Required work => Take the entries below and print, exactly, the stretch from the line containing "unfolding is_cycle_def" through the line containing "using t \<open>vs", both included.

(Task input begins)

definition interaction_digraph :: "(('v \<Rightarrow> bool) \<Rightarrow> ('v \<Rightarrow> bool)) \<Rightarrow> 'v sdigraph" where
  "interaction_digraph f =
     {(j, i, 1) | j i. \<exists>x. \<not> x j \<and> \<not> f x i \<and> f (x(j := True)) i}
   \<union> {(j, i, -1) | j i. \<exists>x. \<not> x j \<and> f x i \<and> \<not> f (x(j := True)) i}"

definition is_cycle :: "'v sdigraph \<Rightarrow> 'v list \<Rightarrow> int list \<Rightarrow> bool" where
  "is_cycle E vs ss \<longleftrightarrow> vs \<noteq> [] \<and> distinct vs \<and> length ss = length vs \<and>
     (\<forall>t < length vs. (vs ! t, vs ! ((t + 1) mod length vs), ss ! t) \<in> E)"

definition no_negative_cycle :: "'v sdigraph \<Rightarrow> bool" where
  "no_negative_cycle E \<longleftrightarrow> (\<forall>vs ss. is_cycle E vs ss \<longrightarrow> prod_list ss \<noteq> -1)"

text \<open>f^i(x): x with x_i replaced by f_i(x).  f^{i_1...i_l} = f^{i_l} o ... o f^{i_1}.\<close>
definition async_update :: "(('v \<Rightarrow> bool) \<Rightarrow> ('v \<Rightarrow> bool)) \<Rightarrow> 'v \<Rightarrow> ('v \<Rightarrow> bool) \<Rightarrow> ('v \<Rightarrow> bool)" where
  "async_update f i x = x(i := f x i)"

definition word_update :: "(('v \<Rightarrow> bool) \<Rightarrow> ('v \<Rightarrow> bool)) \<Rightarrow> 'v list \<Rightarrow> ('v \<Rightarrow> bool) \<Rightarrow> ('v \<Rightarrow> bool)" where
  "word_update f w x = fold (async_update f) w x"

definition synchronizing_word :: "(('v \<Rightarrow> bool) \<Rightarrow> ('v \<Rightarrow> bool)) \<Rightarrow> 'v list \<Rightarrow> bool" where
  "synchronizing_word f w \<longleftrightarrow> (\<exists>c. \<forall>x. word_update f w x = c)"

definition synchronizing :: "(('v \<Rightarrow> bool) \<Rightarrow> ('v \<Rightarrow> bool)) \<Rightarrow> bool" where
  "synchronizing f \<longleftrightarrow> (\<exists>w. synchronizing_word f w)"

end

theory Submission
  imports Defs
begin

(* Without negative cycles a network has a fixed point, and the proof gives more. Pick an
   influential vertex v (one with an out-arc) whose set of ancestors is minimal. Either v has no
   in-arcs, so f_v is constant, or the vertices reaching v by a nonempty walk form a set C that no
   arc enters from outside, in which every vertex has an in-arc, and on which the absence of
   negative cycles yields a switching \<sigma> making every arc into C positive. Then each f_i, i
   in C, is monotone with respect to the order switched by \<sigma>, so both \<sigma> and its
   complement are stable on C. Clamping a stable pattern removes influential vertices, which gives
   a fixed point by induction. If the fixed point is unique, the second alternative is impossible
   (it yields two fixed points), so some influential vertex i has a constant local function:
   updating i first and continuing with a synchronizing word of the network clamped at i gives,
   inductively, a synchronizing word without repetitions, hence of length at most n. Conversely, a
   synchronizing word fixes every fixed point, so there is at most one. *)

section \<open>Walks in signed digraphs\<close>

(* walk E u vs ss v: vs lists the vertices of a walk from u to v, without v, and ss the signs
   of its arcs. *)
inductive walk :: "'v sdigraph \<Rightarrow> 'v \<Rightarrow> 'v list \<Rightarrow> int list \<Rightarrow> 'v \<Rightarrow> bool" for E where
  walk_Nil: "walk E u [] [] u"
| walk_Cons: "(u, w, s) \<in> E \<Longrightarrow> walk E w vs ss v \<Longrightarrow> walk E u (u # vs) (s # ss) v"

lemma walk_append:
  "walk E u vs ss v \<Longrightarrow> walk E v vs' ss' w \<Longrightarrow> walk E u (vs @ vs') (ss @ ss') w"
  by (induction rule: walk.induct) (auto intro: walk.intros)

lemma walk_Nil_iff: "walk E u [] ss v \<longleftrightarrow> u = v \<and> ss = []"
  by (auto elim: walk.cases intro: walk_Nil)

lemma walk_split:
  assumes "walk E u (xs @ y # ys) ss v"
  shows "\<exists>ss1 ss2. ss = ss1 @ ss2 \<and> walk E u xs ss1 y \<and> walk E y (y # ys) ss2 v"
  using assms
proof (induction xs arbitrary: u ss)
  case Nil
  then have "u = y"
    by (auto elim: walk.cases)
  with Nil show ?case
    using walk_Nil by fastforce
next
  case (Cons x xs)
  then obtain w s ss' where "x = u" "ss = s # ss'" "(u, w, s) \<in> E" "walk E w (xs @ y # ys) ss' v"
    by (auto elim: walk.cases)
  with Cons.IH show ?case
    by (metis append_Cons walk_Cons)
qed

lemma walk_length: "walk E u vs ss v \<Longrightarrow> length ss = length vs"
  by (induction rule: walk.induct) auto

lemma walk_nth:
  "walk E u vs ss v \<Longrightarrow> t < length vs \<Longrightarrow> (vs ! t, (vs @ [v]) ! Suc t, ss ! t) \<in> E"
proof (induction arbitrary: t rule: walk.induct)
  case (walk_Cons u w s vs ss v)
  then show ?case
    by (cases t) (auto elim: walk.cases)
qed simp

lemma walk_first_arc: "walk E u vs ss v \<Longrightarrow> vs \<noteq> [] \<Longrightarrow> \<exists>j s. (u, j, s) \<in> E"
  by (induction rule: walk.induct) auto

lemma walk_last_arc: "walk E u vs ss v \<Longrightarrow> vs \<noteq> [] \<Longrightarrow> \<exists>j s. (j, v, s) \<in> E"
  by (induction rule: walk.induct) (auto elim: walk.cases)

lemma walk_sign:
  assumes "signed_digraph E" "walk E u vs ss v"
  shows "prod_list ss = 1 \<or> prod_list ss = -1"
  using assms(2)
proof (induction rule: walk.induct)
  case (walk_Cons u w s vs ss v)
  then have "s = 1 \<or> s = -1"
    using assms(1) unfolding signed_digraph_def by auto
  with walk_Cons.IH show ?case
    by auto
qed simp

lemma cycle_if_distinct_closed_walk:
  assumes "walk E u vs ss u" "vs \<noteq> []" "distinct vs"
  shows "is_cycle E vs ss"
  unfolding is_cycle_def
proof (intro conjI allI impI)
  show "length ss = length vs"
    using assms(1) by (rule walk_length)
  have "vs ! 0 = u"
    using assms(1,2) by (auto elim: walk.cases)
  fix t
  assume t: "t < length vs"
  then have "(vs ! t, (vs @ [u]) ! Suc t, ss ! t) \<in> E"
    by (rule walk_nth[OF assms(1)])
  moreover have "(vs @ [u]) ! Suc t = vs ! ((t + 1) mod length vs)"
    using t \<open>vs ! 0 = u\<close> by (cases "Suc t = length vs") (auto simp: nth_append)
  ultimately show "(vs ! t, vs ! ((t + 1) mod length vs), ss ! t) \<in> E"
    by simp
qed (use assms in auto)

(Task input ends)

Response below =>
  unfolding is_cycle_def
proof (intro conjI allI impI)
  show "length ss = length vs"
    using assms(1) by (rule walk_length)
  have "vs ! 0 = u"
    using assms(1,2) by (auto elim: walk.cases)
  fix t
  assume t: "t < length vs"
  then have "(vs ! t, (vs @ [u]) ! Suc t, ss ! t) \<in> E"
    by (rule walk_nth[OF assms(1)])
  moreover have "(vs @ [u]) ! Suc t = vs ! ((t + 1) mod length vs)"
    using t \<open>vs ! 0 = u\<close> by (cases "Suc t = length vs") (auto simp: nth_append)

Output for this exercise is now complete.